В 1943, после прорыва блокады, Ленсовет принял решение. Оно было простым и отчаянным, как всё, что делалось тогда: завезти в Ленинград кошек. Не сто, не двести — тысячи. Лучших крысоловов, каких только можно найти. В Ярославле, в Костроме, в Сибири объявили: сдавайте кошек для Ленинграда. Люди несли. Те, кто пережил эвакуацию, кто знал, что такое блокада, отдавали своих питомцев.
Первый кошачий эшелон пришёл в апреле. Антонина узнала об этом от соседа, дяди Гриши, который работал на товарной станции и видел всё своими глазами. Он зашёл к ней вечером, не раздеваясь, прямо в мокрой от дождя шинели, сел на табурет, снял шапку и сказал:
— Завтра котов раздавать будут. На площади у Московского вокзала. Ты бы пошла. Крысы в подвале совсем озверели, вчера врачиху нашу укусили, до крови. Она теперь в больнице, рука распухла, говорят заражение. А кошку дадут, она их выведет.
— А как получать? — спросила Антонина. — Талоны какие-то нужны?
— Ничего не нужно. Очередь. Дадут в руки и всё. Только ты пораньше иди. Люди уже прослышали, весь район гудит.
— Я пойду, — сказала Антонина. — Мне надо. У меня Люся лежит, а крысы к ней прямо в постель лезут. Я с кочергой сплю, дядя Гриша. С кочергой, как в окопе.
Дядя Гриша ничего не ответил, только кивнул и вышел. Он знал про Павлика. Он сам помогал его хоронить. И он понимал, что если Антонина потеряет ещё и дочь, она просто ляжет рядом и не встанет. Не потому, что слабая. А потому, что даже самый сильный человек имеет предел, и её предел был уже близко.
Антонина встала затемно. Дождь моросил мелкий, холодный, не апрельский даже, а скорее ноябрьский. Такая в том году выдалась весна, серая, промозглая, с низким небом, похожим на жестяную крышку. Она надела ватник, повязала платок, взяла пустую наволочку. Наволочку она взяла потому, что кошку можно посадить в наволочку, завязать узлом и нести, как вещмешок.
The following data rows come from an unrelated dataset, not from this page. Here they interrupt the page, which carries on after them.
(* Let $\Omega\subset\mathbb{Z}_2^n\setminus\{\mathbf 0\}$ be nonempty and such that the Hamming weights $s(\beta)$, $\beta\in\Omega$, are either all even or all odd. Let $k=\min_{\beta\in\Omega}s(\beta)$ and let $H_\Omega(t)$ be the transition matrix of $\mathrm{NEPS}(P_3,\ldots,P_3;\Omega)$. Then $H_\Omega\!\left(\frac{2\pi}{(\sqrt2)^k}\right)=I$; that is, $\mathrm{NEPS}(P_3,\ldots,P_3;\Omega)$ is periodic at time $\frac{2\pi}{(\sqrt2)^k}$.
   Context: $P_3$ is the path on three vertices. For graphs $G_1,\dots,G_n$ and $\Omega\subset\mathbb{Z}_2^n\setminus\{\mathbf 0\}$, $\mathrm{NEPS}(G_1,\dots,G_n;\Omega)$ is the graph on $V(G_1)\times\cdots\times V(G_n)$ with adjacency matrix $\sum_{\beta\in\Omega}A_1^{\beta_1}\otimes\cdots\otimes A_n^{\beta_n}$, $A_i$ the adjacency matrix of $G_i$ (equivalently, $(x_i)$ and $(y_i)$ are adjacent iff for some $\beta\in\Omega$, $x_i=y_i$ when $\beta_i=0$ and $x_iy_i\in E(G_i)$ when $\beta_i=1$). The Hamming weight $s(\beta)$ is the number of entries of $\beta$ equal to $1$. The transition matrix of a graph with adjacency matrix $A$ is $H(t)=\exp(-itA)$. A graph is periodic at time $\tau\neq0$ if $H(\tau)=\gamma I$ for some $\gamma$ with $|\gamma|=1$. *)

theory Defs
  imports Complex_Main "Jordan_Normal_Form.Matrix"
begin

definition P3_adj :: "nat \<Rightarrow> nat \<Rightarrow> complex" where
  "P3_adj a b = (if (a = 0 \<and> b = 1) \<or> (a = 1 \<and> b = 0) \<or> (a = 1 \<and> b = 2) \<or> (a = 2 \<and> b = 1)
                  then 1 else 0)"

text \<open>A vertex of the product V(P_3)^n is encoded as a number x < 3^n; its i-th
  coordinate is the i-th base-3 digit.\<close>
definition digit3 :: "nat \<Rightarrow> nat \<Rightarrow> nat" where
  "digit3 x i = (x div 3 ^ i) mod 3"

text \<open>An element beta of Z_2^n is encoded by its support, a subset of {0..<n};
  the Hamming weight s(beta) is then card beta.\<close>
definition NEPS_P3_adj :: "nat \<Rightarrow> nat set set \<Rightarrow> complex mat" where
  "NEPS_P3_adj n \<Omega> = mat (3 ^ n) (3 ^ n) (\<lambda>(x, y).
      \<Sum>\<beta>\<in>\<Omega>. \<Prod>i<n. (if i \<in> \<beta> then P3_adj (digit3 x i) (digit3 y i)
                          else (if digit3 x i = digit3 y i then 1 else 0)))"

definition transition_matrix :: "complex mat \<Rightarrow> real \<Rightarrow> complex mat" where
  "transition_matrix A t = mat (dim_row A) (dim_col A) (\<lambda>(i, j).
      \<Sum>m. ((- \<i> * complex_of_real t) ^ m / of_nat (fact m)) * (A ^\<^sub>m m) $$ (i, j))"

end

theory Submission
  imports Defs
begin

text \<open>The adjacency matrix of P_3 has the orthogonal eigenvectors (1,0,-1), (1,\<surd>2,1), (1,-\<surd>2,1)
  with eigenvalues 0, \<surd>2, -\<surd>2. Tensoring them gives an orthogonal eigenbasis of every
  NEPS of copies of P_3; the eigenvalue belonging to a choice of one eigenvector per coordinate
  is a sum over \<beta> \<in> \<Omega> of terms \<plusminus>(\<surd>2)^s(\<beta>) or 0. When all s(\<beta>) have the parity of
  k = min s(\<beta>), every eigenvalue is an integer multiple of (\<surd>2)^k, so at time 2\<pi>/(\<surd>2)^k every
  phase exp(-it\<lambda>) equals 1 and the transition matrix is the identity.\<close>

locale spectral_decomposition =
  fixes A :: "'a::field mat" and N :: nat and E :: "'e set"
    and eig :: "'e \<Rightarrow> 'a" and u :: "'e \<Rightarrow> nat \<Rightarrow> 'a" and c :: "'e \<Rightarrow> 'a"
  assumes carrier: "A \<in> carrier_mat N N"
    and finite_E: "finite E"
    and orthogonal: "\<And>e f. e \<in> E \<Longrightarrow> f \<in> E \<Longrightarrow>
                       (\<Sum>z<N. u e z * u f z) = (if e = f then c e else 0)"
    and norm_nonzero: "\<And>e. e \<in> E \<Longrightarrow> c e \<noteq> 0"
    and complete: "\<And>x y. x < N \<Longrightarrow> y < N \<Longrightarrow>
                     (\<Sum>e\<in>E. u e x * u e y / c e) = (if x = y then 1 else 0)"
    and entry: "\<And>x y. x < N \<Longrightarrow> y < N \<Longrightarrow>
                  A $$ (x, y) = (\<Sum>e\<in>E. eig e * u e x * u e y / c e)"
begin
На площадь она пришла в шестом часу утра, но очередь уже стояла — длинная, молчаливая, извивающаяся вдоль ограды. Люди стояли с корзинками, с сумками, с деревянными ящиками из-под снарядов, приспособленными под переноски. Антонина встала в хвост, прижалась спиной к чугунной решётке, спрятала руки в рукава и приготовилась ждать.
Стояние было долгим. Часа через два сзади пристроилась женщина с девчонкой — лет двенадцати, прозрачной, с синими жилками на висках, в пальто, из которого она явно выросла ещё до войны. Девочка держала пустую холщовую сумку и молча смотрела перед собой. Антонина глянула на неё и сразу вспомнила Павлика. То же выражение лица, та же сосредоточенность, та же взрослая тяжесть в глазах, которой у детей быть не должно.
— Давно стоите? — спросила женщина.
— С шести, — ответила Антонина.
— Мы с Петроградской шли. Пешком часа полтора. У нас дома беда. Крысы совсем обнаглели. У меня младшая лежит, трёх лет, не встаёт. А крысы к ней в кровать забираются. Прямо на одеяло лезут. Я кричу, кидаю чем попало, а им хоть бы что.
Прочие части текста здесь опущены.